(* Let $X\ge y\ge2$. Let $\boldsymbol L$ be a primitive integral system of $k$ affine linear forms in $l$ variables, and let $\boldsymbol f=(f_1,\dots,f_k)$ be a vector of 1-bounded multiplicative functions such that $f_j(p^\mu)=1$ for every prime power $p^\mu\le y$ and every $j$. Then, as $y\to\infty$, $$\prod_{y<p\le X}M_p(\boldsymbol f,\boldsymbol L)=\left(1+O_k\Big(\frac1{\log y}\Big)\right)\left(\prod_{1\le j\le k}\mathfrak P(f_j;X)+O\big(y^{-1+o(1)}\big)\right).$$
   Context: 1-bounded means values in the closed unit disc. An integral affine linear form is $L(\boldsymbol n)=\alpha_0+\sum_{r=1}^l\alpha_rn_r$ with $(\alpha_0,\dots,\alpha_l)\in\mathbb{N}_0^{l+1}$; a system $(L_1,\dots,L_k)$ is primitive if for each $j$ the gcd of the non-constant coefficients of $L_j$ is $1$ and the forms are pairwise linearly independent. For multiplicative $f$ and prime $p$, $f_p$ agrees with $f$ on powers of $p$ and equals $1$ on powers of other primes; $M_p(\boldsymbol f,\boldsymbol L)=\lim_{x\to\infty}x^{-l}\sum_{\boldsymbol n\in([1,x]\cap\mathbb{N})^l}\prod_jf_{j,p}(L_j(\boldsymbol n))$. $\mathfrak P(f;X)=\prod_{p\le X}(1-\frac1p)(1+\sum_{k\ge1}\frac{f(p^k)}{p^k})$. *)

theory Defs
  imports "HOL-Analysis.Analysis" "HOL-Computational_Algebra.Primes"
begin

definition multiplicative :: "(nat \<Rightarrow> complex) \<Rightarrow> bool" where
  "multiplicative f \<longleftrightarrow> f 1 = 1 \<and>
     (\<forall>a b. a \<ge> 1 \<longrightarrow> b \<ge> 1 \<longrightarrow> coprime a b \<longrightarrow> f (a * b) = f a * f b)"

definition one_bounded :: "(nat \<Rightarrow> complex) \<Rightarrow> bool" where
  "one_bounded f \<longleftrightarrow> (\<forall>n\<ge>1. norm (f n) \<le> 1)"

text \<open>Local factor f_p: agrees with f on powers of p, equals 1 on powers of other primes
  (the multiplicative function n \<mapsto> f(p^{v_p(n)})).\<close>
definition local_part :: "(nat \<Rightarrow> complex) \<Rightarrow> nat \<Rightarrow> nat \<Rightarrow> complex" where
  "local_part f p n = f (p ^ multiplicity p n)"

text \<open>A system of k affine forms in l variables is given by coefficients
  \<alpha> j r (j < k, 0 \<le> r \<le> l); \<alpha> j 0 is the constant term.
  The variables n are indexed by 1..l.\<close>
definition eval_form :: "(nat \<Rightarrow> nat \<Rightarrow> nat) \<Rightarrow> nat \<Rightarrow> nat \<Rightarrow> (nat \<Rightarrow> nat) \<Rightarrow> nat" where
  "eval_form \<alpha> l j n = \<alpha> j 0 + (\<Sum>r=1..l. \<alpha> j r * n r)"

definition primitive_system :: "nat \<Rightarrow> nat \<Rightarrow> (nat \<Rightarrow> nat \<Rightarrow> nat) \<Rightarrow> bool" where
  "primitive_system k l \<alpha> \<longleftrightarrow>
     (\<forall>j<k. Gcd (\<alpha> j ` {1..l}) = 1) \<and>
     (\<forall>i<k. \<forall>j<k. i \<noteq> j \<longrightarrow>
        (\<forall>a b :: real. (\<forall>r\<in>{0..l}. a * real (\<alpha> i r) + b * real (\<alpha> j r) = 0)
            \<longrightarrow> a = 0 \<and> b = 0))"

definition M_p :: "nat \<Rightarrow> nat \<Rightarrow> (nat \<Rightarrow> nat \<Rightarrow> complex) \<Rightarrow> (nat \<Rightarrow> nat \<Rightarrow> nat) \<Rightarrow> nat \<Rightarrow> complex" where
  "M_p k l f \<alpha> p = Lim at_top (\<lambda>x::real.
      complex_of_real (x powr (- real l)) *
      (\<Sum>n\<in>PiE {1..l} (\<lambda>_. {1..nat \<lfloor>x\<rfloor>}).
          \<Prod>j<k. local_part (f j) p (eval_form \<alpha> l j n)))"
● ● ● ● ●
INSTRUCTIONS TO FOLLOW
Using the entries above, output exactly the lines between the line holding "(p ^ multiplicity" and the line holding "n = \<alpha>", end lines included, and nothing more.

ANSWER AREA
  "local_part f p n = f (p ^ multiplicity p n)"

text \<open>A system of k affine forms in l variables is given by coefficients
  \<alpha> j r (j < k, 0 \<le> r \<le> l); \<alpha> j 0 is the constant term.
  The variables n are indexed by 1..l.\<close>
definition eval_form :: "(nat \<Rightarrow> nat \<Rightarrow> nat) \<Rightarrow> nat \<Rightarrow> nat \<Rightarrow> (nat \<Rightarrow> nat) \<Rightarrow> nat" where
  "eval_form \<alpha> l j n = \<alpha> j 0 + (\<Sum>r=1..l. \<alpha> j r * n r)"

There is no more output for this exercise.